▶ **Aim of the exercise**
Below are lines of data; restate word for word those running from the line containing "else 0) + ((if" to the line containing "using b1 by", inclusive, and no others.

▶ **Supplied information**
(* Let $\mathfrak{s}(1/1)$ be the complex Lie superalgebra described in the context, let $d\in\mathbb{R}$, let $m\neq 0$, and let $V^d$ be the Verma module over $\mathfrak{s}(1/1)$ with lowest weight vector $v_0$ satisfying $\mathcal{Q}v_0=Pv_0=0$, $Dv_0=-d\,v_0$, $Mv_0=m\,v_0$, $\mathcal{X}v_0=\chi v_0$, where $\chi$ is an odd (Grassmann) parameter with $m=2\chi^2$. Then $V^d$ has precisely one singular vector (up to a nonzero scalar multiple) if and only if $d+\tfrac12\in\mathbb{Z}_{\geq 0}$, and in that case it is $$v_s=(G^2-2mK)^{d+1/2}\,(G-2\chi\mathcal{S})\,v_0 .$$
   Context: $\mathfrak{s}(1/1)$ (the $\mathcal{N}=1$ super Schrödinger algebra in $(1+1)$-dimensional spacetime) is the Lie superalgebra with even basis $H,D,K,P,G,M$ and odd basis $\mathcal{Q},\mathcal{S},\mathcal{X}$, whose nonvanishing brackets among basis elements are (up to (anti)symmetry): $[H,D]=2H$, $[H,K]=D$, $[D,K]=2K$, $[P,G]=M$, $[H,G]=P$, $[D,G]=G$, $[P,D]=P$, $[P,K]=G$; $\{\mathcal{Q},\mathcal{Q}\}=-2H$, $\{\mathcal{S},\mathcal{S}\}=-2K$, $\{\mathcal{X},\mathcal{X}\}=-M$, $\{\mathcal{Q},\mathcal{X}\}=-P$, $\{\mathcal{S},\mathcal{X}\}=-G$, $\{\mathcal{Q},\mathcal{S}\}=-D$; $[\mathcal{Q},D]=\mathcal{Q}$, $[\mathcal{Q},K]=\mathcal{S}$, $[D,\mathcal{S}]=\mathcal{S}$, $[H,\mathcal{S}]=\mathcal{Q}$, $[\mathcal{Q},G]=\mathcal{X}$, $[P,\mathcal{S}]=\mathcal{X}$. It is $\mathbb{Z}$-graded by $\deg K=2$, $\deg G=\deg\mathcal{S}=1$, $\deg D=\deg M=\deg\mathcal{X}=0$, $\deg P=\deg\mathcal{Q}=-1$, $\deg H=-2$; $\mathfrak{g}^+$, $\mathfrak{g}^0$, $\mathfrak{g}^-$ denote the spans of the generators of positive, zero, negative degree. A lowest weight vector $v_0$ is annihilated by $\mathfrak{g}^-$ and is an eigenvector of $\mathfrak{g}^0$ as stated in the claim (the odd parameter $\chi$ anticommutes with the odd generators). The Verma module is $V^d=U(\mathfrak{g}^+)v_0$, with basis $\{G^kK^\ell v_0,\ G^kK^\ell\mathcal{S}v_0 : k,\ell\in\mathbb{Z}_{\ge 0}\}$. A singular vector is a homogeneous element $v_s\in V^d$ (an eigenvector of $D$) with $v_s\notin\mathbb{C}v_0$ and $\mathfrak{g}^-v_s=0$. *)

theory Defs
  imports Complex_Main
begin

definition comm :: "('v::ab_group_add \<Rightarrow> 'v) \<Rightarrow> ('v \<Rightarrow> 'v) \<Rightarrow> 'v \<Rightarrow> 'v" where
  "comm A B = (\<lambda>v. A (B v) - B (A v))"

definition acomm :: "('v::ab_group_add \<Rightarrow> 'v) \<Rightarrow> ('v \<Rightarrow> 'v) \<Rightarrow> 'v \<Rightarrow> 'v" where
  "acomm A B = (\<lambda>v. A (B v) + B (A v))"

text \<open>A representation of the N=1 super Schroedinger algebra s(1/1) on the complex vector
  space (V, scale): even generators H D K P G M, odd generators Q S X, acting by linear maps,
  with the supercommutator of basis elements realised as commutator (at least one even entry)
  resp. anticommutator (both odd).  All brackets not listed in the paper vanish.\<close>

definition s11_rep ::
  "(complex \<Rightarrow> 'v::ab_group_add \<Rightarrow> 'v) \<Rightarrow>
   ('v \<Rightarrow> 'v) \<Rightarrow> ('v \<Rightarrow> 'v) \<Rightarrow> ('v \<Rightarrow> 'v) \<Rightarrow> ('v \<Rightarrow> 'v) \<Rightarrow> ('v \<Rightarrow> 'v) \<Rightarrow> ('v \<Rightarrow> 'v) \<Rightarrow>
   ('v \<Rightarrow> 'v) \<Rightarrow> ('v \<Rightarrow> 'v) \<Rightarrow> ('v \<Rightarrow> 'v) \<Rightarrow> bool" where
  "s11_rep scale H D K P G M Q S X \<longleftrightarrow>
     vector_space scale \<and>
     (\<forall>A \<in> {H, D, K, P, G, M, Q, S, X}. Vector_Spaces.linear scale scale A) \<and>
     \<comment> \<open>even-even brackets\<close>
     comm H D = (\<lambda>v. scale 2 (H v)) \<and>
     comm H K = D \<and>
     comm D K = (\<lambda>v. scale 2 (K v)) \<and>
     comm P G = M \<and>
     comm H G = P \<and>
     comm D G = G \<and>
     comm P D = P \<and>
     comm P K = G \<and>
     comm H P = (\<lambda>v. 0) \<and> comm H M = (\<lambda>v. 0) \<and> comm D M = (\<lambda>v. 0) \<and>
     comm K G = (\<lambda>v. 0) \<and> comm K M = (\<lambda>v. 0) \<and> comm P M = (\<lambda>v. 0) \<and>
     comm G M = (\<lambda>v. 0) \<and>
     \<comment> \<open>odd-odd brackets\<close>
     acomm Q Q = (\<lambda>v. scale (-2) (H v)) \<and>
     acomm S S = (\<lambda>v. scale (-2) (K v)) \<and>
     acomm X X = (\<lambda>v. - M v) \<and>
     acomm Q X = (\<lambda>v. - P v) \<and>
     acomm S X = (\<lambda>v. - G v) \<and>
     acomm Q S = (\<lambda>v. - D v) \<and>
     \<comment> \<open>odd-even brackets\<close>
     comm Q D = Q \<and>
     comm Q K = S \<and>
     comm D S = S \<and>
     comm H S = Q \<and>
     comm Q G = X \<and>
     comm P S = X \<and>
     comm H Q = (\<lambda>v. 0) \<and> comm H X = (\<lambda>v. 0) \<and> comm D X = (\<lambda>v. 0) \<and>
     comm K S = (\<lambda>v. 0) \<and> comm K X = (\<lambda>v. 0) \<and> comm P Q = (\<lambda>v. 0) \<and>
     comm P X = (\<lambda>v. 0) \<and> comm G S = (\<lambda>v. 0) \<and> comm G X = (\<lambda>v. 0) \<and>
     comm M Q = (\<lambda>v. 0) \<and> comm M S = (\<lambda>v. 0) \<and> comm M X = (\<lambda>v. 0)"
lemma step_crossing:
  fixes dn P R :: "nat \<Rightarrow> real"
  assumes P: "\<And>z w. dn z + P w < 1" and R: "\<And>z w. dn z + R w < 1"
    and cross: "(y \<le> x \<and> step dn P x u < step dn R y u) \<or> (x \<le> y \<and> step dn R y u < step dn P x u)"
  shows "x = y \<and> min (1 - P x) (1 - R x) \<le> u \<and> u < max (1 - P x) (1 - R x)"
proof -
  have "x = y"
  proof (rule ccontr)
    have a: "dn x + R y < 1" "dn y + P x < 1" using P R by auto
    assume "x \<noteq> y"
    then consider "x = Suc y" | "y = Suc x" | "y + 2 \<le> x" | "x + 2 \<le> y" by linarith
    then show False
    proof cases
      case 1 then show False using cross a unfolding step_eq by (auto split: if_splits)
    next
      case 2 then show False using cross a unfolding step_eq by (auto split: if_splits)
    next
      case 3 then show False using cross unfolding step_eq by (auto split: if_splits)
    next
      case 4 then show False using cross unfolding step_eq by (auto split: if_splits)
    qed
  qed
  then show ?thesis using cross unfolding step_eq by (auto split: if_splits)
qed

lemma kdown_plus_Pup_less_1: "5 \<le> N \<Longrightarrow> kdown N z + Pup N w < 1"
  using kdown_le[of N z] Pup_le[of N w] by simp

lemma kdown_plus_Rup_less_1: "5 \<le> N \<Longrightarrow> kdown N z + Rup N w < 1"
  using kdown_le[of N z] Rup_le[of N w] by simp

abbreviation uniform01 :: "real measure" where
  "uniform01 \<equiv> uniform_measure lborel {0..1}"

lemma measure_uniform01: "A \<in> sets borel \<Longrightarrow> measure uniform01 A = measure lborel ({0..1} \<inter> A)"
  by (subst measure_uniform_measure) auto

lemma measure_uniform01_less: "0 \<le> a \<Longrightarrow> a \<le> 1 \<Longrightarrow> measure uniform01 {u. u < a} = a"
proof -
  assume "0 \<le> a" "a \<le> 1"
  then have "{0..1} \<inter> {u. u < a} = {0..<a}" by auto
  then show ?thesis using \<open>0 \<le> a\<close> by (simp add: measure_uniform01)
qed

lemma measure_uniform01_interval:
  "0 \<le> a \<Longrightarrow> a \<le> b \<Longrightarrow> b \<le> 1 \<Longrightarrow> measure uniform01 {u. a \<le> u \<and> u < b} = b - a"
proof -
  assume "0 \<le> a" "a \<le> b" "b \<le> 1"
  then have "{0..1} \<inter> {u. a \<le> u \<and> u < b} = {a..<b}" by auto
  then show ?thesis using \<open>a \<le> b\<close> by (simp add: measure_uniform01)
qed

lemma measure_uniform01_ge: "0 \<le> b \<Longrightarrow> b \<le> 1 \<Longrightarrow> measure uniform01 {u. b \<le> u} = 1 - b"
proof -
  assume "0 \<le> b" "b \<le> 1"
  then have "{0..1} \<inter> {u. b \<le> u} = {b..1}" by auto
  then show ?thesis using \<open>b \<le> 1\<close> by (simp add: measure_uniform01)
qed

lemma measure_uniform01_interval_le:
  assumes "a \<le> b"
  shows "measure uniform01 {u. a \<le> u \<and> u < b} \<le> b - a"
proof -
  have "measure uniform01 {u. a \<le> u \<and> u < b} = measure lborel ({0..1} \<inter> {a..<b})"
    by (simp add: measure_uniform01 atLeastLessThan_def atLeast_def lessThan_def Collect_conj_eq)
  also have "\<dots> \<le> measure lborel {a..<b}"
    by (rule measure_mono_fmeasurable) (auto simp: fmeasurable_def assms)
  also have "\<dots> = b - a" using assms by simp
  finally show ?thesis .
qed

definition Rtrans :: "nat \<Rightarrow> nat \<Rightarrow> nat \<Rightarrow> real" where
  "Rtrans N y x = (if x + 1 = y then kdown N y else 0) + (if x = y then 1 - kdown N y - Rup N y else 0)
                 + (if x = y + 1 then Rup N y else 0)"

lemma measure_uniform01_step:
  assumes N: "5 \<le> N" and y: "y \<le> N"
  shows "measure uniform01 {u. step (kdown N) (Rup N) y u = x} = Rtrans N y x"
proof -
  let ?a = "kdown N y" and ?b = "1 - Rup N y"
  have a0: "0 \<le> ?a" using kdown_nonneg[OF y] .
  have ab: "?a \<le> ?b" using kdown_le[OF N, of y] Rup_le[OF N, of y] by simp
  have b1: "?b \<le> 1" "0 \<le> ?b" using Rup_nonneg[OF N, of y] Rup_le[OF N, of y] by auto
  have eq: "{u. step (kdown N) (Rup N) y u = x} =
     (if y - 1 = x then {u. u < ?a} else {})
     \<union> ((if y = x then {u. ?a \<le> u \<and> u < ?b} else {}) \<union> (if y + 1 = x then {u. ?b \<le> u} else {}))"
    using ab by (auto simp: step_eq split: if_splits)
  interpret finite_measure uniform01
    by (rule prob_space.finite_measure, rule prob_space_uniform_measure) auto
  have "measure uniform01 {u. step (kdown N) (Rup N) y u = x}
      = measure uniform01 (if y - 1 = x then {u. u < ?a} else {})
        + (measure uniform01 (if y = x then {u. ?a \<le> u \<and> u < ?b} else {})
          + measure uniform01 (if y + 1 = x then {u. ?b \<le> u} else {}))"
    unfolding eq by (subst finite_measure_Union; (subst finite_measure_Union)?) auto
  also have "\<dots> = (if y - 1 = x then ?a else 0) + ((if y = x then ?b - ?a else 0) + (if y + 1 = x then 1 - ?b else 0))"
  proof -
    have "measure uniform01 {u. u < ?a} = ?a"
      using a0 ab b1 by (intro measure_uniform01_less) auto
    moreover have "measure uniform01 {u. ?a \<le> u \<and> u < ?b} = ?b - ?a"
      using a0 ab b1 by (intro measure_uniform01_interval) auto
    moreover have "measure uniform01 {u. ?b \<le> u} = 1 - ?b"
      using b1 by (intro measure_uniform01_ge) auto
    ultimately show ?thesis by (simp only: if_distrib[of "measure uniform01"] measure_empty)
  qed
  also have "(if y - 1 = x then ?a else 0) = (if x + 1 = y then ?a else 0)"
    by (cases y) (auto simp: kdown_def)
  finally show ?thesis by (simp add: Rtrans_def)
qed

lemma zeta_stationary: "(\<Sum>y\<le>N - 4. zeta N y * Rtrans N y x) = zeta N x"
proof -
  have zeta_out: "zeta N z = 0" if "\<not> z \<le> N - 4" for z using that by (simp add: zeta_def)
  have "(\<Sum>y\<le>N - 4. zeta N y * Rtrans N y x)
    = (\<Sum>y\<le>N - 4. (if y = x + 1 then zeta N y * kdown N y else 0))
      + (\<Sum>y\<le>N - 4. (if y = x then zeta N y * (1 - kdown N y - Rup N y) else 0))
      + (\<Sum>y\<le>N - 4. (if x = y + 1 then zeta N y * Rup N y else 0))"
    unfolding Rtrans_def sum.distrib[symmetric] by (rule sum.cong) auto
  also have "(\<Sum>y\<le>N - 4. (if y = x + 1 then zeta N y * kdown N y else 0)) = zeta N x * Rup N x"
    using zeta_detailed_balance[of N x] zeta_out[of "x + 1"] by (simp add: sum.delta')
  also have "(\<Sum>y\<le>N - 4. (if y = x then zeta N y * (1 - kdown N y - Rup N y) else 0))
      = zeta N x * (1 - kdown N x - Rup N x)"
    using zeta_out[of x] by (simp add: sum.delta')
  also have "(\<Sum>y\<le>N - 4. (if x = y + 1 then zeta N y * Rup N y else 0)) = zeta N x * kdown N x"
  proof (cases x)
    case 0 then show ?thesis by (simp add: kdown_def)
  next
    case (Suc z)
    have "(\<Sum>y\<le>N - 4. (if x = y + 1 then zeta N y * Rup N y else 0))
        = (\<Sum>y\<le>N - 4. (if y = z then zeta N y * Rup N y else 0))"
      using Suc by (intro sum.cong) auto
    also have "\<dots> = zeta N z * Rup N z" using zeta_out[of z] by (simp add: sum.delta')
    finally show ?thesis using zeta_detailed_balance[of N z] Suc by simp
  qed
  finally show ?thesis by (simp add: algebra_simps)
qed

section \<open>The coupled chains\<close>

lemma chain_cong: "(\<And>j. j < k \<Longrightarrow> u j = v j) \<Longrightarrow> chain dn up x0 u k = chain dn up x0 v k"
  by (induction k) auto

lemma measurable_chain:
  assumes "\<And>i. i < k \<Longrightarrow> i \<in> I"
  shows "(\<lambda>u. chain dn up x0 u k) \<in> measurable (PiM I (\<lambda>_. borel)) (count_space UNIV)"
  using assms
proof (induction k)
  case (Suc k)
  have IH: "(\<lambda>u. chain dn up x0 u k) \<in> measurable (PiM I (\<lambda>_. borel)) (count_space UNIV)"
    using Suc by auto
  have k: "k \<in> I" using Suc by auto
  have "(\<lambda>u. step dn up i (u k)) \<in> measurable (PiM I (\<lambda>_. borel)) (count_space UNIV)" for i
    using measurable_comp[OF measurable_component_singleton[OF k] measurable_step] by (simp add: comp_def)
  then show ?case
    using measurable_compose_countable[where f = "\<lambda>i u. step dn up i (u k)", OF _ IH] by simp
qed simp

lemma sets_PiM_chain_conj:
  assumes "B \<in> sets borel"
  shows "{u. chain dn up x0 u k = y \<and> u k \<in> B} \<in> sets (PiM UNIV (\<lambda>_. (borel :: real measure)))"
proof -
  have "(\<lambda>u. chain dn up x0 u k) \<in> measurable (PiM UNIV (\<lambda>_. borel)) (count_space UNIV)"
    by (rule measurable_chain) simp
  then have "{u \<in> space (PiM UNIV (\<lambda>_. (borel :: real measure))). chain dn up x0 u k = y \<and> u k \<in> B}
      \<in> sets (PiM UNIV (\<lambda>_. (borel :: real measure)))"
    using assms by measurable
  then show ?thesis by (simp add: space_PiM)
qed

lemma (in prob_space) prob_eq_sum_prob_conj:
  fixes Z :: "'a \<Rightarrow> nat"
  assumes Z: "Z \<in> measurable M (count_space UNIV)"
    and total: "(\<Sum>z\<le>L. prob {\<omega>\<in>space M. Z \<omega> = z}) = 1"
    and P: "{\<omega>\<in>space M. P \<omega>} \<in> sets M"
  shows "prob {\<omega>\<in>space M. P \<omega>} = (\<Sum>z\<le>L. prob {\<omega>\<in>space M. Z \<omega> = z \<and> P \<omega>})"
proof -
  have Z_sets: "{\<omega>\<in>space M. Z \<omega> = z} \<in> sets M" for z using Z by measurable
  have ZP_sets: "{\<omega>\<in>space M. Z \<omega> = z \<and> P \<omega>} \<in> sets M" for z
  proof -
    have "{\<omega>\<in>space M. Z \<omega> = z \<and> P \<omega>} = {\<omega>\<in>space M. Z \<omega> = z} \<inter> {\<omega>\<in>space M. P \<omega>}"
      by auto
    then show ?thesis using Z_sets P by auto
  qed
  have Z_le: "{\<omega>\<in>space M. Z \<omega> \<le> L} = (\<Union>z\<in>{..L}. {\<omega>\<in>space M. Z \<omega> = z})" by auto
  have "prob {\<omega>\<in>space M. Z \<omega> \<le> L} = 1"
    unfolding Z_le using total Z_sets
    by (subst finite_measure_finite_Union) (auto simp: disjoint_family_on_def)
  then have AE: "AE \<omega> in M. \<omega> \<in> {\<omega>\<in>space M. Z \<omega> \<le> L}" by (rule AE_prob_1)
  have P_Z_le: "{\<omega>\<in>space M. P \<omega> \<and> Z \<omega> \<le> L} = (\<Union>z\<in>{..L}. {\<omega>\<in>space M. Z \<omega> = z \<and> P \<omega>})"
    by auto
  have "prob {\<omega>\<in>space M. P \<omega>} = prob {\<omega>\<in>space M. P \<omega> \<and> Z \<omega> \<le> L}"
  proof (rule measure_eq_AE)
    show "AE \<omega> in M. (\<omega> \<in> {\<omega> \<in> space M. P \<omega>}) = (\<omega> \<in> {\<omega> \<in> space M. P \<omega> \<and> Z \<omega> \<le> L})"
      using AE by eventually_elim auto
    show "{\<omega> \<in> space M. P \<omega> \<and> Z \<omega> \<le> L} \<in> sets M" unfolding P_Z_le using ZP_sets by auto
  qed (rule P)
  also have "\<dots> = (\<Sum>z\<le>L. prob {\<omega>\<in>space M. Z \<omega> = z \<and> P \<omega>})"
    unfolding P_Z_le using ZP_sets
    by (subst finite_measure_finite_Union) (auto simp: disjoint_family_on_def)
  finally show ?thesis .
qed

▶ **Your response**
  also have "\<dots> = (if y - 1 = x then ?a else 0) + ((if y = x then ?b - ?a else 0) + (if y + 1 = x then 1 - ?b else 0))"
  proof -
    have "measure uniform01 {u. u < ?a} = ?a"
      using a0 ab b1 by (intro measure_uniform01_less) auto
    moreover have "measure uniform01 {u. ?a \<le> u \<and> u < ?b} = ?b - ?a"
      using a0 ab b1 by (intro measure_uniform01_interval) auto
    moreover have "measure uniform01 {u. ?b \<le> u} = 1 - ?b"
      using b1 by (intro measure_uniform01_ge) auto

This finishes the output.